(* Let $1\le q\le p<\infty$, let $X$ be a compact manifold with a finite positive Borel measure $\mu$, let $r>0$, and fix $f\in\mathbb S^+_{L^{p/q}}(\mu,r)$. Then there exists $C=C(\mu,p,q,f,r)>0$ such that for all $f_0,f_1\in\mathbb S^+_{L^{p/q}}(\mu,r)$, $$\frac{C}{d^{\mathbb S^+}_{p,q}(f,f_0)+d^{\mathbb S^+}_{p,q}(f,f_1)+1}\,d^{\mathbb S^+}_{p,q}(f_0,f_1)\le\Big(\frac1{\mu(X)}\int_X|f_0-f_1|^p\mu\Big)^{1/p}\le d^{\mathbb S^+}_{p,q}(f_0,f_1).$$
   Context: On $C^\infty(X)$ consider the trivial $L^p$-Finsler metric $\|\psi\|_{p,f}=\big(\frac1{\mu(X)}\int_X|\psi|^p\mu\big)^{1/p}$ for $\psi\in T_fC^\infty(X)\simeq C^\infty(X)$. The positive octant of the $L^{p/q}$-sphere of radius $r$ is $\mathbb S^+_{L^{p/q}}(\mu,r)=\{f\in C^\infty(X):f>0,\ \frac1{\mu(X)}\int_X f^{p/q}\mu=r^{p/q}\}$, a smooth submanifold of $C^\infty(X)$; $d^{\mathbb S^+}_{p,q}$ denotes the path-length distance on it obtained by pulling back $\|\cdot\|_{p,\cdot}$, i.e. the infimum of $\int_0^1\|\dot\gamma_t\|_{p,\gamma_t}dt$ over piecewise smooth curves $\gamma$ in $\mathbb S^+_{L^{p/q}}(\mu,r)$ joining the two points. *)

theory Defs
  imports "HOL-Analysis.Analysis"
begin

fun Ck_on :: "nat \<Rightarrow> 'n::euclidean_space set \<Rightarrow> ('n \<Rightarrow> real) \<Rightarrow> bool" where
  "Ck_on 0 S g = continuous_on S g"
| "Ck_on (Suc k) S g =
     ((\<forall>x\<in>S. g differentiable (at x)) \<and>
      (\<forall>i\<in>Basis. Ck_on k S (\<lambda>x. frechet_derivative g (at x) i)))"

definition smooth_on_open :: "'n::euclidean_space set \<Rightarrow> ('n \<Rightarrow> real) \<Rightarrow> bool" where
  "smooth_on_open S g \<longleftrightarrow> open S \<and> (\<forall>k. Ck_on k S g)"

definition smooth_atlas :: "'a::t2_space set \<Rightarrow> ('a set \<times> ('a \<Rightarrow> 'n::euclidean_space)) set \<Rightarrow> bool" where
  "smooth_atlas X A \<longleftrightarrow>
     (\<forall>(U,\<phi>)\<in>A. openin (top_of_set X) U \<and> open (\<phi> ` U) \<and>
                 (\<exists>\<psi>. homeomorphism U (\<phi> ` U) \<phi> \<psi>)) \<and>
     X = (\<Union>(U,\<phi>)\<in>A. U) \<and>
     (\<forall>(U,\<phi>)\<in>A. \<forall>(V,\<psi>)\<in>A. \<forall>i\<in>Basis.
        smooth_on_open (\<phi> ` (U \<inter> V)) (\<lambda>y. \<psi> (inv_into U \<phi> y) \<bullet> i))"

definition compact_smooth_manifold :: "'a::t2_space set \<Rightarrow> ('a set \<times> ('a \<Rightarrow> 'n::euclidean_space)) set \<Rightarrow> bool" where
  "compact_smooth_manifold X A \<longleftrightarrow> compact X \<and> smooth_atlas X A"

text \<open>C^\<infinity>(X): smooth real functions on X (extended by 0 outside X, so that
elements of C^\<infinity>(X) are determined by their values on X).\<close>

definition Cinf :: "'a set \<Rightarrow> ('a set \<times> ('a \<Rightarrow> 'n::euclidean_space)) set \<Rightarrow> ('a \<Rightarrow> real) set" where
  "Cinf X A = {f. (\<forall>x. x \<notin> X \<longrightarrow> f x = 0) \<and>
                  (\<forall>(U,\<phi>)\<in>A. smooth_on_open (\<phi> ` U) (\<lambda>y. f (inv_into U \<phi> y)))}"

definition smooth_curve_on :: "'a set \<Rightarrow> ('a set \<times> ('a \<Rightarrow> 'n::euclidean_space)) set \<Rightarrow> real \<Rightarrow> real
    \<Rightarrow> (real \<Rightarrow> 'a \<Rightarrow> real) \<Rightarrow> bool" where
  "smooth_curve_on X A a b \<gamma> \<longleftrightarrow>
     (\<forall>(U,\<phi>)\<in>A. \<exists>T g. open T \<and> {a..b} \<subseteq> T \<and> smooth_on_open (T \<times> \<phi> ` U) g \<and>
        (\<forall>t\<in>{a..b}. \<forall>y\<in>\<phi> ` U. g (t, y) = \<gamma> t (inv_into U \<phi> y)))"

definition piecewise_smooth_curve :: "'a set \<Rightarrow> ('a set \<times> ('a \<Rightarrow> 'n::euclidean_space)) set
    \<Rightarrow> (real \<Rightarrow> 'a \<Rightarrow> real) \<Rightarrow> bool" where
  "piecewise_smooth_curve X A \<gamma> \<longleftrightarrow>
     (\<exists>D. finite D \<and> {0,1} \<subseteq> D \<and> D \<subseteq> {0..1} \<and>
        (\<forall>a\<in>D. \<forall>b\<in>D. a < b \<and> {a<..<b} \<inter> D = {} \<longrightarrow> smooth_curve_on X A a b \<gamma>))"

definition Lp_norm :: "'a measure \<Rightarrow> real \<Rightarrow> ('a \<Rightarrow> real) \<Rightarrow> real" where
  "Lp_norm M p \<psi> =
     ((1 / measure M (space M)) * (\<integral>x. \<bar>\<psi> x\<bar> powr p \<partial>M)) powr (1 / p)"
lemma ex_SUP_Inf_lim_avg:
  "(SUP y\<in>ex_Y. INF z\<in>{z \<in> ex_X \<times> ex_Y. snd z = y}. lim (\<lambda>k. ex_avg k z)) = 0"
proof -
  have "(INF z\<in>{z \<in> ex_X \<times> ex_Y. snd z = y}. lim (\<lambda>k. ex_avg k z)) = 0" if y: "y \<in> ex_Y" for y
  proof -
    obtain c where "c = 0 \<or> c = 1" "(\<lambda>k. ex_avg k (cseq 0, y)) \<longlonglongrightarrow> c"
      "(\<lambda>k. ex_avg k (cseq 1, y)) \<longlonglongrightarrow> 1 - c"
      using ex_avg_limits[OF y] by blast
    then show ?thesis by (auto simp: ex_Inf_fiber[OF y] limI)
  qed
  moreover have "ex_Y \<noteq> {}" by (simp add: ex_Y_def)
  ultimately show ?thesis by (simp cong: SUP_cong)
qed

lemma ex_SUP_Inf_lim_savg:
  "(SUP y\<in>ex_Y. INF z\<in>{z \<in> ex_X \<times> ex_Y. snd z = y}. lim (\<lambda>k. ex_savg k z)) = 1/2"
proof (rule antisym)
  have sum: "lim (\<lambda>k. ex_savg k (cseq 0, y)) + lim (\<lambda>k. ex_savg k (cseq 1, y)) = 1" if "y \<in> ex_Y" for y
    by (rule ex_savg_limits[OF that]) (simp add: limI)
  then show "(SUP y\<in>ex_Y. INF z\<in>{z \<in> ex_X \<times> ex_Y. snd z = y}. lim (\<lambda>k. ex_savg k z)) \<le> 1/2"
    by (intro ex_SUP_Inf_fiber_le_half) simp
  have orb: "ex_orb 0 \<in> ex_Y" using range_ex_orb_subset by blast
  obtain c where "(\<lambda>k. ex_savg k (cseq 0, ex_orb 0)) \<longlonglongrightarrow> c"
    "(\<lambda>k. ex_savg k (cseq 1, ex_orb 0)) \<longlonglongrightarrow> 1 - c" "c = 1/2"
    by (rule ex_savg_limits[OF orb]) auto
  then have "1/2 = min (lim (\<lambda>k. ex_savg k (cseq 0, ex_orb 0))) (lim (\<lambda>k. ex_savg k (cseq 1, ex_orb 0)))"
    by (simp add: limI)
  also have "\<dots> \<le> (SUP y\<in>ex_Y. INF z\<in>{z \<in> ex_X \<times> ex_Y. snd z = y}. lim (\<lambda>k. ex_savg k z))"
    using sum by (intro ex_SUP_Inf_fiber_ge orb) simp
  finally show "1/2 \<le> \<dots>" .
qed

(* Not an equality: the average over the empty window k = 0 is 0. *)
lemma ex_avg_sum_le_1: "ex_avg k (cseq 0, y) + ex_avg k (cseq 1, y) \<le> 1"
proof (cases "k = 0")
  case True
  then show ?thesis by (simp add: avg_def)
next
  case False
  then show ?thesis using ex_avg_complement[of k y] by simp
qed

lemma delta_ex: "delta ex_X (\<lambda>x. x) ex_Y ex_S ex_f = 1/2"
  unfolding delta_def
proof (rule limsup_r_eq_of_subseq[where r = "\<lambda>m. 2 * Suc m" and l = "\<lambda>_. 1/2"])
  show "(SUP y\<in>ex_Y. INF z\<in>{z \<in> ex_X \<times> ex_Y. snd z = y}. ex_avg k z) \<le> 1/2" for k
    by (rule ex_SUP_Inf_fiber_le_half) (rule ex_avg_sum_le_1)
  show "strict_mono (\<lambda>m::nat. 2 * Suc m)" by (rule strict_monoI) simp
  show "(\<lambda>_. 1/2) \<longlonglongrightarrow> (1/2 :: real)" by simp
  fix m
  let ?y = "ex_orb (- int (Suc m))"
  have half: "ex_avg (2 * Suc m) (cseq 0, ?y) = 1/2" by (simp add: ex_avg_orb)
  have "1/2 = min (ex_avg (2 * Suc m) (cseq 0, ?y)) (ex_avg (2 * Suc m) (cseq 1, ?y))"
    using half by (simp add: ex_avg_complement)
  also have "\<dots> \<le> (SUP y\<in>ex_Y. INF z\<in>{z \<in> ex_X \<times> ex_Y. snd z = y}. ex_avg (2 * Suc m) z)"
    by (rule ex_SUP_Inf_fiber_ge[OF ex_avg_sum_le_1]) (use range_ex_orb_subset in blast)
  finally show "1/2 \<le> \<dots>" .
qed

lemma delta_s_ex: "delta_s ex_X (\<lambda>x. x) ex_Y ex_S ex_f = 1/2"
  unfolding delta_s_def
proof (rule limsup_r_eq_of_subseq[where r = "\<lambda>k. k" and l = "\<lambda>k. real k / real (2 * k + 1)"])
  have sum: "ex_savg k (cseq 0, y) + ex_savg k (cseq 1, y) \<le> 1" if "y \<in> ex_Y" for k y
    by (simp add: ex_savg_complement[OF that])
  show "(SUP y\<in>ex_Y. INF z\<in>{z \<in> ex_X \<times> ex_Y. snd z = y}. ex_savg k z) \<le> 1/2" for k
    by (rule ex_SUP_Inf_fiber_le_half) (rule sum)
  show "strict_mono (\<lambda>k::nat. k)" by (rule strict_monoI)
  show "(\<lambda>k. real k / real (2 * k + 1)) \<longlonglongrightarrow> 1/2" by real_asymp
  fix k
  have orb: "ex_orb 0 \<in> ex_Y" using range_ex_orb_subset by blast
  have "real k / real (2 * k + 1) = min (ex_savg k (cseq 0, ex_orb 0)) (ex_savg k (cseq 1, ex_orb 0))"
    by (simp add: ex_savg_orb ex_savg_complement[OF orb] field_simps)
  also have "\<dots> \<le> (SUP y\<in>ex_Y. INF z\<in>{z \<in> ex_X \<times> ex_Y. snd z = y}. ex_savg k z)"
    by (rule ex_SUP_Inf_fiber_ge[OF sum orb])
  finally show "real k / real (2 * k + 1) \<le> \<dots>" .
qed
lemma strictly_log_supermodular_at_sum_out:
  assumes "finite F" "\<And>x. 0 < \<phi> x" "log_supermodular \<phi>" "strictly_log_supermodular_at u v \<phi>"
    and "u \<notin> F" "v \<notin> F"
  shows "strictly_log_supermodular_at u v (sum_out F \<phi>)"
  using assms
proof (induction F rule: finite_induct)
  case (insert k F)
  show ?case
    unfolding strictly_log_supermodular_at_def sum_out_insert[OF insert.hyps]
  proof (intro allI impI)
    fix x y :: "nat \<Rightarrow> real"
    assume "x u = 1" "x v = -1" "y u = -1" "y v = 1"
    moreover have "strictly_log_supermodular_at u v (sum_out F \<phi>)"
      using insert by simp
    ultimately have "sum_out F \<phi> (x(k := 1)) * sum_out F \<phi> (y(k := 1))
        < sum_out F \<phi> (sup (x(k := 1)) (y(k := 1))) * sum_out F \<phi> (inf (x(k := 1)) (y(k := 1)))"
      using insert.prems(4,5) unfolding strictly_log_supermodular_at_def by auto
    then have "sum_out F \<phi> (x(k := 1)) * sum_out F \<phi> (y(k := 1))
        < sum_out F \<phi> ((sup x y)(k := 1)) * sum_out F \<phi> ((inf x y)(k := 1))"
      by (simp only: sup_fun_upd inf_fun_upd sup.idem inf.idem)
    then show "sum_out1 k (sum_out F \<phi>) x * sum_out1 k (sum_out F \<phi>) y
        < sum_out1 k (sum_out F \<phi>) (sup x y) * sum_out1 k (sum_out F \<phi>) (inf x y)"
      using sum_out1_le(2) insert sum_out_pos log_supermodular_sum_out by blast
  qed
qed simp

lemma strict_odds_ratio:
  assumes "strictly_log_supermodular_at u w \<psi>" "u \<noteq> w" "z u = 1" "z w = 1"
  shows "sum_out1 u \<psi> z * sum_out1 w \<psi> z < \<psi> z * sum_out1 u (sum_out1 w \<psi>) z"
proof -
  have "sup (z(w := -1)) (z(u := -1)) = z" "inf (z(w := -1)) (z(u := -1)) = z(u := -1, w := -1)"
    using assms(2-4) by (auto simp: fun_eq_iff sup_real_def inf_real_def)
  moreover have "\<psi> (z(w := -1)) * \<psi> (z(u := -1))
      < \<psi> (sup (z(w := -1)) (z(u := -1))) * \<psi> (inf (z(w := -1)) (z(u := -1)))"
    using assms(1-4) unfolding strictly_log_supermodular_at_def by simp
  ultimately have "\<psi> (z(w := -1)) * \<psi> (z(u := -1)) < \<psi> z * \<psi> (z(u := -1, w := -1))"
    by simp
  moreover have "z(u := 1) = z" "z(w := 1) = z" "z(u := 1, w := -1) = z(w := -1)"
    "z(u := -1, w := 1) = z(u := -1)"
    using assms(2-4) by (auto simp: fun_eq_iff)
  ultimately show ?thesis by (simp add: sum_out1_def algebra_simps)
qed

section \<open>Functions of few coordinates\<close>

definition depends_only_on :: "nat set \<Rightarrow> ((nat \<Rightarrow> real) \<Rightarrow> real) \<Rightarrow> bool" where
  "depends_only_on R \<phi> \<longleftrightarrow> (\<forall>x y. (\<forall>i\<in>R. x i = y i) \<longrightarrow> \<phi> x = \<phi> y)"

lemma depends_only_on_upd: "depends_only_on R \<phi> \<Longrightarrow> k \<notin> R \<Longrightarrow> \<phi> (x(k := s)) = \<phi> x"
  unfolding depends_only_on_def by auto

lemma depends_only_on_mono: "depends_only_on R \<phi> \<Longrightarrow> R \<subseteq> R' \<Longrightarrow> depends_only_on R' \<phi>"
  unfolding depends_only_on_def by blast

lemma depends_only_on_sum_out1:
  assumes "depends_only_on R \<phi>"
  shows "depends_only_on (R - {k}) (sum_out1 k \<phi>)"
  unfolding depends_only_on_def
proof (intro allI impI)
  fix x y :: "nat \<Rightarrow> real"
  assume "\<forall>i\<in>R - {k}. x i = y i"
  then have "\<phi> (x(k := s)) = \<phi> (y(k := s))" for s
    using assms unfolding depends_only_on_def by simp
  then show "sum_out1 k \<phi> x = sum_out1 k \<phi> y" by (simp add: sum_out1_def)
qed

lemma depends_only_on_sum_out:
  "finite F \<Longrightarrow> depends_only_on R \<phi> \<Longrightarrow> depends_only_on (R - F) (sum_out F \<phi>)"
proof (induction F rule: finite_induct)
  case (insert k F)
  have "R - insert k F = R - F - {k}" by blast
  with insert show ?case
    using depends_only_on_sum_out1[of "R - F" "sum_out F \<phi>" k]
    by (simp only: sum_out_insert[OF insert.hyps])
qed simp

lemma sum_out_mult_left:
  assumes "depends_only_on R a" "R \<inter> F = {}"
  shows "sum_out F (\<lambda>x. a x * b x) z = a z * sum_out F b z"
proof -
  have "a x = a z" if "x \<in> spin_fibre F z" for x
    using assms that unfolding depends_only_on_def spin_fibre_def by blast
  then show ?thesis by (simp add: sum_out_def sum_distrib_left)
qed

lemma sum_out1_mult_left:
  assumes "depends_only_on (- {k}) a"
  shows "sum_out1 k (\<lambda>x. a x * b x) x = a x * sum_out1 k b x"
  using depends_only_on_upd[OF assms] by (simp add: sum_out1_def distrib_left)

lemma sum_out1_mult_right:
  assumes "depends_only_on (- {k}) b"
  shows "sum_out1 k (\<lambda>x. a x * b x) x = sum_out1 k a x * b x"
  using depends_only_on_upd[OF assms] by (simp add: sum_out1_def distrib_right)

lemma odds_ratio_one_of_factorization:
  assumes "\<And>x. \<psi> x = a x * b x" "depends_only_on (- {v}) a" "depends_only_on (- {u}) b" "u \<noteq> v"
  shows "\<psi> z * sum_out1 u (sum_out1 v \<psi>) z = sum_out1 u \<psi> z * sum_out1 v \<psi> z"
proof -
  have \<psi>: "\<psi> = (\<lambda>x. a x * b x)" using assms(1) by blast
  have "depends_only_on (- {u}) (sum_out1 v b)"
    using depends_only_on_sum_out1[OF assms(3), of v] assms(4)
    by (auto elim: depends_only_on_mono)
  then have "sum_out1 u (sum_out1 v \<psi>) z = sum_out1 u a z * sum_out1 v b z"
    unfolding \<psi> sum_out1_mult_left[OF assms(2)] by (rule sum_out1_mult_right)
  then show ?thesis
    unfolding \<psi> sum_out1_mult_left[OF assms(2)] sum_out1_mult_right[OF assms(3)]
    by (simp add: ac_simps)
qed

lemma sum_out_prod:
  "finite F \<Longrightarrow> sum_out F (\<lambda>y. \<Prod>j\<in>F. f j (y j)) z = (\<Prod>j\<in>F. f j 1 + f j (-1))"
proof (induction F arbitrary: z rule: finite_induct)
  case (insert k F)
  have "depends_only_on {k} (\<lambda>y. f k (y k))" by (simp add: depends_only_on_def)
  then have "sum_out F (\<lambda>y. \<Prod>j\<in>insert k F. f j (y j)) z' = f k (z' k) * (\<Prod>j\<in>F. f j 1 + f j (-1))"
    for z'
    using insert by (simp add: sum_out_mult_left)
  with insert show ?case by (simp add: sum_out_insert sum_out1_def distrib_right)
qed simp

section \<open>The observed weight of an RBM\<close>

lemma spins_eq_spin_fibre: "spins k = spin_fibre {..<k} (\<lambda>_. 0)"
  by (auto simp: spins_def spin_fibre_def)

lemma sum_spins_exp_linear: "(\<Sum>y\<in>spins m. exp (\<Sum>j<m. c j * y j)) = (\<Prod>j<m. 2 * cosh (c j))"
proof -
  have "(\<Sum>y\<in>spins m. exp (\<Sum>j<m. c j * y j)) = sum_out {..<m} (\<lambda>y. \<Prod>j<m. exp (c j * y j)) (\<lambda>_. 0)"
    by (simp add: sum_out_def spins_eq_spin_fibre exp_sum)
  also have "\<dots> = (\<Prod>j<m. exp (c j) + exp (- c j))"
    using sum_out_prod[of "{..<m}" "\<lambda>j s. exp (c j * s)"] by simp
  also have "\<dots> = (\<Prod>j<m. 2 * cosh (c j))"
    by (simp flip: cosh_plus_sinh)
  finally show ?thesis .
qed

definition latent_field ::
    "nat \<Rightarrow> (nat \<Rightarrow> nat \<Rightarrow> real) \<Rightarrow> (nat \<Rightarrow> real) \<Rightarrow> nat \<Rightarrow> (nat \<Rightarrow> real) \<Rightarrow> real"
  where "latent_field n J g j x = (\<Sum>i<n. x i * J i j) + g j"

definition obs_weight :: "nat \<Rightarrow> nat \<Rightarrow> (nat \<Rightarrow> nat \<Rightarrow> real) \<Rightarrow> (nat \<Rightarrow> real) \<Rightarrow> (nat \<Rightarrow> real)
    \<Rightarrow> (nat \<Rightarrow> real) \<Rightarrow> real"
  where "obs_weight n m J h g x = exp (\<Sum>i<n. h i * x i) * (\<Prod>j<m. 2 * cosh (latent_field n J g j x))"

lemma obs_weight_pos: "0 < obs_weight n m J h g x"
  by (simp add: obs_weight_def prod_pos)

lemma sum_latent_rbm_weight: "(\<Sum>y\<in>spins m. rbm_weight n m J h g x y) = obs_weight n m J h g x"
proof -
  have "(\<Sum>j<m. latent_field n J g j x * y j) = (\<Sum>j<m. \<Sum>i<n. x i * J i j * y j) + (\<Sum>j<m. g j * y j)"
    for y
    by (simp add: latent_field_def distrib_right sum.distrib sum_distrib_right)
  then have "(\<Sum>j<m. latent_field n J g j x * y j) = (\<Sum>i<n. \<Sum>j<m. x i * J i j * y j) + (\<Sum>j<m. g j * y j)"
    for y
    by (simp add: sum.swap[of _ "{..<m}"])
  then have "rbm_weight n m J h g x y
      = exp (\<Sum>i<n. h i * x i) * exp (\<Sum>j<m. latent_field n J g j x * y j)" for y
    by (simp add: rbm_weight_def exp_add[symmetric] algebra_simps)
  then show ?thesis
    by (simp add: sum_distrib_left[symmetric] sum_spins_exp_linear obs_weight_def)
qed

lemma obs_event_eq_spin_fibre:
  "x \<in> spins n \<Longrightarrow> {x' \<in> spins n. \<forall>i\<in>A. x' i = x i} = spin_fibre ({..<n} - A) x"
  unfolding spins_def spin_fibre_def by (auto 4 3)

lemma obs_marg_eq_sum_out:
  "x \<in> spins n \<Longrightarrow>
    obs_marg n m J h g A x = sum_out ({..<n} - A) (obs_weight n m J h g) x / rbm_Z n m J h g"
  by (simp add: obs_marg_def sum_latent_rbm_weight obs_event_eq_spin_fibre sum_out_def)

lemma rbm_Z_pos: "0 < rbm_Z n m J h g"
proof -
  have "rbm_Z n m J h g = sum_out {..<n} (obs_weight n m J h g) (\<lambda>_. 0)"
    unfolding rbm_Z_def sum_latent_rbm_weight by (simp add: sum_out_def spins_eq_spin_fibre)
  then show ?thesis by (simp add: sum_out_pos obs_weight_pos)
qed

lemma obs_cond_indep_iff:
  fixes n m :: nat and J :: "nat \<Rightarrow> nat \<Rightarrow> real" and h g :: "nat \<Rightarrow> real"
  assumes "u < n" "v < n" "u \<noteq> v" "S \<subseteq> {..<n}" "u \<notin> S" "v \<notin> S"
  defines "\<Psi> \<equiv> sum_out ({..<n} - insert u (insert v S)) (obs_weight n m J h g)"
  shows "obs_cond_indep n m J h g u v S \<longleftrightarrow>
    (\<forall>x\<in>spins n. \<Psi> x * sum_out1 u (sum_out1 v \<Psi>) x = sum_out1 u \<Psi> x * sum_out1 v \<Psi> x)"
proof -
  define W where "W = {..<n} - insert u (insert v S)"
  have W: "finite W" "u \<notin> W" "v \<notin> W" by (auto simp: W_def)
  have "{..<n} - S = insert u (insert v W)" "{..<n} - insert u S = insert v W"
    "{..<n} - insert v S = insert u W"
    using assms(1-6) by (auto simp: W_def)
  then have marg: "obs_marg n m J h g (insert u (insert v S)) x = \<Psi> x / rbm_Z n m J h g"
    "obs_marg n m J h g S x = sum_out1 u (sum_out1 v \<Psi>) x / rbm_Z n m J h g"
    "obs_marg n m J h g (insert u S) x = sum_out1 v \<Psi> x / rbm_Z n m J h g"
    "obs_marg n m J h g (insert v S) x = sum_out1 u \<Psi> x / rbm_Z n m J h g"
    if "x \<in> spins n" for x
    using W that assms(3) by (simp_all add: obs_marg_eq_sum_out \<Psi>_def W_def[symmetric] sum_out_insert)
  have "rbm_Z n m J h g \<noteq> 0" using rbm_Z_pos by (rule less_imp_neq[symmetric])
  then show ?thesis
    unfolding obs_cond_indep_def by (simp add: marg mult.commute[of "sum_out1 v \<Psi> _"])
qed

lemma sup_plus_inf_real: "sup s t + inf s t = s + (t :: real)"
  by (simp add: sup_real_def inf_real_def)

lemma sup_minus_inf_real: "sup s t - inf s t = \<bar>s - (t :: real)\<bar>"
  by (simp add: sup_real_def inf_real_def)

lemma sum_mult_sup_inf:
  fixes x y :: "nat \<Rightarrow> real"
  shows "(\<Sum>i\<in>I. a i * x i) + (\<Sum>i\<in>I. a i * y i)
    = (\<Sum>i\<in>I. a i * sup (x i) (y i)) + (\<Sum>i\<in>I. a i * inf (x i) (y i))"
  by (simp add: sum.distrib[symmetric] distrib_left[symmetric] sup_plus_inf_real)

lemma sum_mult_sup_minus_inf:
  fixes x y :: "nat \<Rightarrow> real"
  shows "(\<Sum>i\<in>I. a i * sup (x i) (y i)) - (\<Sum>i\<in>I. a i * inf (x i) (y i)) = (\<Sum>i\<in>I. a i * \<bar>x i - y i\<bar>)"
  by (simp add: sum_subtractf[symmetric] right_diff_distrib[symmetric] sup_minus_inf_real)

lemma abs_diff_sum_mult_le:
  fixes x y :: "nat \<Rightarrow> real"
  assumes "\<And>i. i \<in> I \<Longrightarrow> 0 \<le> a i"
  shows "\<bar>(\<Sum>i\<in>I. a i * x i) - (\<Sum>i\<in>I. a i * y i)\<bar>
    \<le> (\<Sum>i\<in>I. a i * sup (x i) (y i)) - (\<Sum>i\<in>I. a i * inf (x i) (y i))"
proof -
  have "\<bar>\<Sum>i\<in>I. a i * (x i - y i)\<bar> \<le> (\<Sum>i\<in>I. \<bar>a i * (x i - y i)\<bar>)"
    by (rule sum_abs)
  also have "\<dots> = (\<Sum>i\<in>I. a i * \<bar>x i - y i\<bar>)"
    using assms by (simp add: abs_mult)
  finally show ?thesis
    unfolding sum_mult_sup_minus_inf by (simp add: sum_subtractf right_diff_distrib)
qed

§ **What you need to do**:
Pull out every line of the records above that contains the word "symmetric".

§ **Written reply**:
    by (simp add: rbm_weight_def exp_add[symmetric] algebra_simps)
    by (simp add: sum_distrib_left[symmetric] sum_spins_exp_linear obs_weight_def)
    using W that assms(3) by (simp_all add: obs_marg_eq_sum_out \<Psi>_def W_def[symmetric] sum_out_insert)
  have "rbm_Z n m J h g \<noteq> 0" using rbm_Z_pos by (rule less_imp_neq[symmetric])
  by (simp add: sum.distrib[symmetric] distrib_left[symmetric] sup_plus_inf_real)
  by (simp add: sum_subtractf[symmetric] right_diff_distrib[symmetric] sup_minus_inf_real)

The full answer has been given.